- Material supplied -
──────

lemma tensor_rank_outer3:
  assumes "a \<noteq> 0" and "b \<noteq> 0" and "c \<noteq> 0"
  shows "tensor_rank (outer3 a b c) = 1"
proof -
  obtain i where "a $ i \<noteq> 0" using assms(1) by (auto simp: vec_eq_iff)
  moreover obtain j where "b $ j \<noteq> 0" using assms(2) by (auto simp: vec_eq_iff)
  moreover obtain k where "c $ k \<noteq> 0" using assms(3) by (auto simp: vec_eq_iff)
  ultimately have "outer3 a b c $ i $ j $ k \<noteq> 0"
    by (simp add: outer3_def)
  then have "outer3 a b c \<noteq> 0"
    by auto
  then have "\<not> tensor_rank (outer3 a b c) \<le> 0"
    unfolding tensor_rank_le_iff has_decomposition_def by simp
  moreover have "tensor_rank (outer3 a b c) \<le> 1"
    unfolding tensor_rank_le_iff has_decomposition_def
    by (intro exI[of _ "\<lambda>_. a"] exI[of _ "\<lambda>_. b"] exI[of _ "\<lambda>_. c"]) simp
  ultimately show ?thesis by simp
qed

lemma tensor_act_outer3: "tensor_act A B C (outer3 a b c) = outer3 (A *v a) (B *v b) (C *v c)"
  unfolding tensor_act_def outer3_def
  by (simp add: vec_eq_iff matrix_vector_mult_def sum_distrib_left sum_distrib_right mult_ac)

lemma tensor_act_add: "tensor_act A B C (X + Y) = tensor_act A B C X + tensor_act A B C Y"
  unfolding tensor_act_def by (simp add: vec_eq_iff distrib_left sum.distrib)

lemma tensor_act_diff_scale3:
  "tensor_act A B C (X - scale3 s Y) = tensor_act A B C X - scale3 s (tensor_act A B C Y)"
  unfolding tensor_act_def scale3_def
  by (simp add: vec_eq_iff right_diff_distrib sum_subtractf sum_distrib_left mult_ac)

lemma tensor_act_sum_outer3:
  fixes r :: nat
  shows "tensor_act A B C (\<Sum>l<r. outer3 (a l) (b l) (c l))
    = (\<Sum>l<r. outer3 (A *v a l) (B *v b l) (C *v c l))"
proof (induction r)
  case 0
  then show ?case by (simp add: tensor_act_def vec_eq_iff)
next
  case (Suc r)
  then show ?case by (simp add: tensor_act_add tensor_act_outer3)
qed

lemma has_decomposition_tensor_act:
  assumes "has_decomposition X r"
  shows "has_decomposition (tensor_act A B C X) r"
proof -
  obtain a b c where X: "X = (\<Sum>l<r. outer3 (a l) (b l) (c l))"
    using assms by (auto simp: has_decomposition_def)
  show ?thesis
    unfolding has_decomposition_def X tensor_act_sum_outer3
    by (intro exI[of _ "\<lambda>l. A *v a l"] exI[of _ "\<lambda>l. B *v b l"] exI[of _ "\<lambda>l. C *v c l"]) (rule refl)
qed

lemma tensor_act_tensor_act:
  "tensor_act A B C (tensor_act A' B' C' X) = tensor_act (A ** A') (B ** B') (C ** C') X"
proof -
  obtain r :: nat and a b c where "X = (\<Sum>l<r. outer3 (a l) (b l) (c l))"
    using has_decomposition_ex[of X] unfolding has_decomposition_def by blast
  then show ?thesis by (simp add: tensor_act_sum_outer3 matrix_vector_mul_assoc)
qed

──────

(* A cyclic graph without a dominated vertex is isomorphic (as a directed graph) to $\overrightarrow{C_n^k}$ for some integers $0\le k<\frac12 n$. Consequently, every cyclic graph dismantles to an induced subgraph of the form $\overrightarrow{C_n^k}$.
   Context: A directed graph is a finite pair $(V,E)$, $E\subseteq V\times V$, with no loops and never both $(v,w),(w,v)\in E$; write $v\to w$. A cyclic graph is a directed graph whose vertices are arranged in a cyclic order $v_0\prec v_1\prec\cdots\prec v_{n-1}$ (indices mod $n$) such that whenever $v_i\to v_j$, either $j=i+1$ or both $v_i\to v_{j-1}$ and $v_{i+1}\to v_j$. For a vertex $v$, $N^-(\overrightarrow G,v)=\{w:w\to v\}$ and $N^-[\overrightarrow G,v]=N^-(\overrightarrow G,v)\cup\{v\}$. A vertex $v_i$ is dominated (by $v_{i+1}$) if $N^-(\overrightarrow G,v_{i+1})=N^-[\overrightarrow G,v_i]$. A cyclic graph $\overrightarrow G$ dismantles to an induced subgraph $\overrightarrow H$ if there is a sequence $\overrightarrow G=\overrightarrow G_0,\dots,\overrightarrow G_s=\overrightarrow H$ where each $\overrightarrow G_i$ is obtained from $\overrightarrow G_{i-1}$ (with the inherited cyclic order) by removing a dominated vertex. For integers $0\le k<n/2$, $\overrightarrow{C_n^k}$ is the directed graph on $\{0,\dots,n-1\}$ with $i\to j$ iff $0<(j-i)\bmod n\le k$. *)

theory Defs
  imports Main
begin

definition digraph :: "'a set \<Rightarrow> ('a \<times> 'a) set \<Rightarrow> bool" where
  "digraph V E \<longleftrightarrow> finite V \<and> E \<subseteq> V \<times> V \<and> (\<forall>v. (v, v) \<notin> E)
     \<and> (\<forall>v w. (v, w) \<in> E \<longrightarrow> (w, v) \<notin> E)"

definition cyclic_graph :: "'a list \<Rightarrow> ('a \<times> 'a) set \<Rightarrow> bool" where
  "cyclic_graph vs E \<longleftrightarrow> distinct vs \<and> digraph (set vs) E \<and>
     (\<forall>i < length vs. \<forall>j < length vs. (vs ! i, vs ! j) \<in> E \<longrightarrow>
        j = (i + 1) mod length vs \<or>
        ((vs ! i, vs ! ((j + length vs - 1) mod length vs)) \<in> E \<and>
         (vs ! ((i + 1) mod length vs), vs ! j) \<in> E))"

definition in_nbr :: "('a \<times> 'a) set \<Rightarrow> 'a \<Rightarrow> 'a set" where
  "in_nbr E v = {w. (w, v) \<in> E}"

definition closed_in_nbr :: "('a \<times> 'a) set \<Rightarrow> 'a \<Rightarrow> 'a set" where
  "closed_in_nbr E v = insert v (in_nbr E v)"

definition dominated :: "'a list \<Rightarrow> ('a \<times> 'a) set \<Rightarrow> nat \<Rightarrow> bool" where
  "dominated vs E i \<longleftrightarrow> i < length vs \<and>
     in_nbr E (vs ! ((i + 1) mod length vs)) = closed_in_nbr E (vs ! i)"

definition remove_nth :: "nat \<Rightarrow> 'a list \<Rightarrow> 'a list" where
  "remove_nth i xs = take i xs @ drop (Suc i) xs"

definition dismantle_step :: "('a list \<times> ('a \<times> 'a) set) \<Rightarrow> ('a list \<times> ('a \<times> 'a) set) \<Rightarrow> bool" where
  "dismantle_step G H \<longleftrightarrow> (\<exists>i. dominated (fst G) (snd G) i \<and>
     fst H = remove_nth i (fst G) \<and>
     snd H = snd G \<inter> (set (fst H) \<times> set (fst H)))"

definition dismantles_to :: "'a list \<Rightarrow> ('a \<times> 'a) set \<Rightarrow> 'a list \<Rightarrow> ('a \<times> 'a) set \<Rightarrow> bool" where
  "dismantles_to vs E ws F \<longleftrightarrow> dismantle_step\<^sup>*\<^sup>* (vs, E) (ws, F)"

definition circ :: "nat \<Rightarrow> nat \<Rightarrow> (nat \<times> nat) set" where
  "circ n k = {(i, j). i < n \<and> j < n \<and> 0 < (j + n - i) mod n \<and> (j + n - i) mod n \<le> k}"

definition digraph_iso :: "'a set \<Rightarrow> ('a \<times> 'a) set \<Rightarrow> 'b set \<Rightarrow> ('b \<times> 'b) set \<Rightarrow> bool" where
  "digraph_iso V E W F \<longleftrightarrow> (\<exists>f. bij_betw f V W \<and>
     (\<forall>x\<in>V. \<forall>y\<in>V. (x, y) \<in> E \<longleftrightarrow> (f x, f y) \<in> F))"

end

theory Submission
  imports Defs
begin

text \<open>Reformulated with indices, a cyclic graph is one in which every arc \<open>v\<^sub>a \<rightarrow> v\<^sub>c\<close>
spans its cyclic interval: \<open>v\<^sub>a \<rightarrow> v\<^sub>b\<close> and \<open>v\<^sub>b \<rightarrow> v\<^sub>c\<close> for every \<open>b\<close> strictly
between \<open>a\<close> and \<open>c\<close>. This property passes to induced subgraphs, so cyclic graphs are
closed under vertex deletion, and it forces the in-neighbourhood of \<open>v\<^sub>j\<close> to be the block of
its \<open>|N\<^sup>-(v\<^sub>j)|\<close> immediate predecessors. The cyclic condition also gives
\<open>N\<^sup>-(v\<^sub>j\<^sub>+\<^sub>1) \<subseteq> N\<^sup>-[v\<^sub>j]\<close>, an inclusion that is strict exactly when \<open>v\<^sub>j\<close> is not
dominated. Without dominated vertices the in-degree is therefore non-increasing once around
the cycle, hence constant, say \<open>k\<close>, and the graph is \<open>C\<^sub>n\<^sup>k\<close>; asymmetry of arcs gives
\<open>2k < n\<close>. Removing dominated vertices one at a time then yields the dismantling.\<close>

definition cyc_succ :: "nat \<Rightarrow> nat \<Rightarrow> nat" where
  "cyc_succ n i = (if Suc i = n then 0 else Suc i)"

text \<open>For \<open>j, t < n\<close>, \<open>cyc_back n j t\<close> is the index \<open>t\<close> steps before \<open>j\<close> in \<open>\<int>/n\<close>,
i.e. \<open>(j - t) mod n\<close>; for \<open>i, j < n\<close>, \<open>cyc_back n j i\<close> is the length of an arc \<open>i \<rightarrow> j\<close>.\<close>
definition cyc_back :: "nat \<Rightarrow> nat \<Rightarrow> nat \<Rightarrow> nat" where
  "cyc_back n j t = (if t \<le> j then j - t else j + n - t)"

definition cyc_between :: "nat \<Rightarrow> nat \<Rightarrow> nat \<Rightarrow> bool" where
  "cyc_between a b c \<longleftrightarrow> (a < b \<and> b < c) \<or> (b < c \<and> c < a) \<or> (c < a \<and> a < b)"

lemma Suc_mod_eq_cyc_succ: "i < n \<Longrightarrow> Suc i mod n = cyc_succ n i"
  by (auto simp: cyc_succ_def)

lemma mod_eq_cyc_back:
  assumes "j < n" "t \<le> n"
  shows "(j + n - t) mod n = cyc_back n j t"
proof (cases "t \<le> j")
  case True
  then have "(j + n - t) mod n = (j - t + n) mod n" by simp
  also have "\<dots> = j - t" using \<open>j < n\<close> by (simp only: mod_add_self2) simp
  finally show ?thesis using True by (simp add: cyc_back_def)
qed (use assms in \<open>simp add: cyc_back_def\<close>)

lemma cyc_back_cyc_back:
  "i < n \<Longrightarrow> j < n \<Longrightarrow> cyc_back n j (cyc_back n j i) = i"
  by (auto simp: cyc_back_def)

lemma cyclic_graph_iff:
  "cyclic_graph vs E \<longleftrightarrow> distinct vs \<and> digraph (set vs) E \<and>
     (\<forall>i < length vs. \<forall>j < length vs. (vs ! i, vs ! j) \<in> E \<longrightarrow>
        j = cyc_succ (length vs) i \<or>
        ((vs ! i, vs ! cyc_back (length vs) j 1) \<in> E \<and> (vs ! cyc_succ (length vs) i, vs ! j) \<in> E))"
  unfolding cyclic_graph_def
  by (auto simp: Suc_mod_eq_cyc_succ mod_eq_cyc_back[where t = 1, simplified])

──────

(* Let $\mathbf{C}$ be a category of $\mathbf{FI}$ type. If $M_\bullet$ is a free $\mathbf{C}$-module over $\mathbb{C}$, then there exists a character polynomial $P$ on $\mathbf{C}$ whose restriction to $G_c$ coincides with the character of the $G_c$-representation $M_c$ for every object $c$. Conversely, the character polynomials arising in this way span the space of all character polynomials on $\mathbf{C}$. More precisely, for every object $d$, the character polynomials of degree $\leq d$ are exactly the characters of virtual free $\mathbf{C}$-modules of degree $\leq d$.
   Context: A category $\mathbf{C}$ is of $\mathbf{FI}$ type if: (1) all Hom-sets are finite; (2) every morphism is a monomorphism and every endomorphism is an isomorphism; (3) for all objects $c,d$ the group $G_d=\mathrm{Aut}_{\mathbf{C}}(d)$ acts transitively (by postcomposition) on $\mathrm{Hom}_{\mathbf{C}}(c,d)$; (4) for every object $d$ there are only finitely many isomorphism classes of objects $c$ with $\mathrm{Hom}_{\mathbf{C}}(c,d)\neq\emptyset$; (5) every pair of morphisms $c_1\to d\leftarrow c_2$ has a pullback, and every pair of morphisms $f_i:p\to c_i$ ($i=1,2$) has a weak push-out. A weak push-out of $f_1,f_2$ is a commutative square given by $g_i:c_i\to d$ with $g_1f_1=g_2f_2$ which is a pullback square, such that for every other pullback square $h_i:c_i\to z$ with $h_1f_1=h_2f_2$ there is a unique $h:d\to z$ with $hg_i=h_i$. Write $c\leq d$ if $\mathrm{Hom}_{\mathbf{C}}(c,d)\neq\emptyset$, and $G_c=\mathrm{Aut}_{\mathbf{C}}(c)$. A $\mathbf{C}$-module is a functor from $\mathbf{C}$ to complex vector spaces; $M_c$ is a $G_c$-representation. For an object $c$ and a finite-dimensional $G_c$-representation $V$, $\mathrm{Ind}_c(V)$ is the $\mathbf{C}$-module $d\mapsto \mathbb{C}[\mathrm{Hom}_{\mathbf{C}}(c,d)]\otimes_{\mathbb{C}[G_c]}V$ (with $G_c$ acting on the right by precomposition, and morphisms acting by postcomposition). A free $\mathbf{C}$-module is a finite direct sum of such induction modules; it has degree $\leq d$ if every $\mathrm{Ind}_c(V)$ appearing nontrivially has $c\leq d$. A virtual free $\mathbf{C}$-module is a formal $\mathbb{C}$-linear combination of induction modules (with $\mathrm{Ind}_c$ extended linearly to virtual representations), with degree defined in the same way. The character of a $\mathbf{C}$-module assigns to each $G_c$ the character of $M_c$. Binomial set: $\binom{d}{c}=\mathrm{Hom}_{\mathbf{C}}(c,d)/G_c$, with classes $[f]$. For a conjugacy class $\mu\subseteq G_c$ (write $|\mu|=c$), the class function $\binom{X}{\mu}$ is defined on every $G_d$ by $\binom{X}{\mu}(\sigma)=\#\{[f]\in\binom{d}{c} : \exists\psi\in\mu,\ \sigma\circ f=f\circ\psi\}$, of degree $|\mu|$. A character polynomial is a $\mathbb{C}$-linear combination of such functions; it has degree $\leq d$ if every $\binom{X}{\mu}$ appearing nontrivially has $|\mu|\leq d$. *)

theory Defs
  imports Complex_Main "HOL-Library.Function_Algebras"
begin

──────

- Instructions to follow -
Word for word, restate the lines of the data above that fall between the line holding "(if t \<le>" and the line holding "b c \<longleftrightarrow>", inclusive, and no other lines.

- Written answer -
  "cyc_back n j t = (if t \<le> j then j - t else j + n - t)"

definition cyc_between :: "nat \<Rightarrow> nat \<Rightarrow> nat \<Rightarrow> bool" where
  "cyc_between a b c \<longleftrightarrow> (a < b \<and> b < c) \<or> (b < c \<and> c < a) \<or> (c < a \<and> a < b)"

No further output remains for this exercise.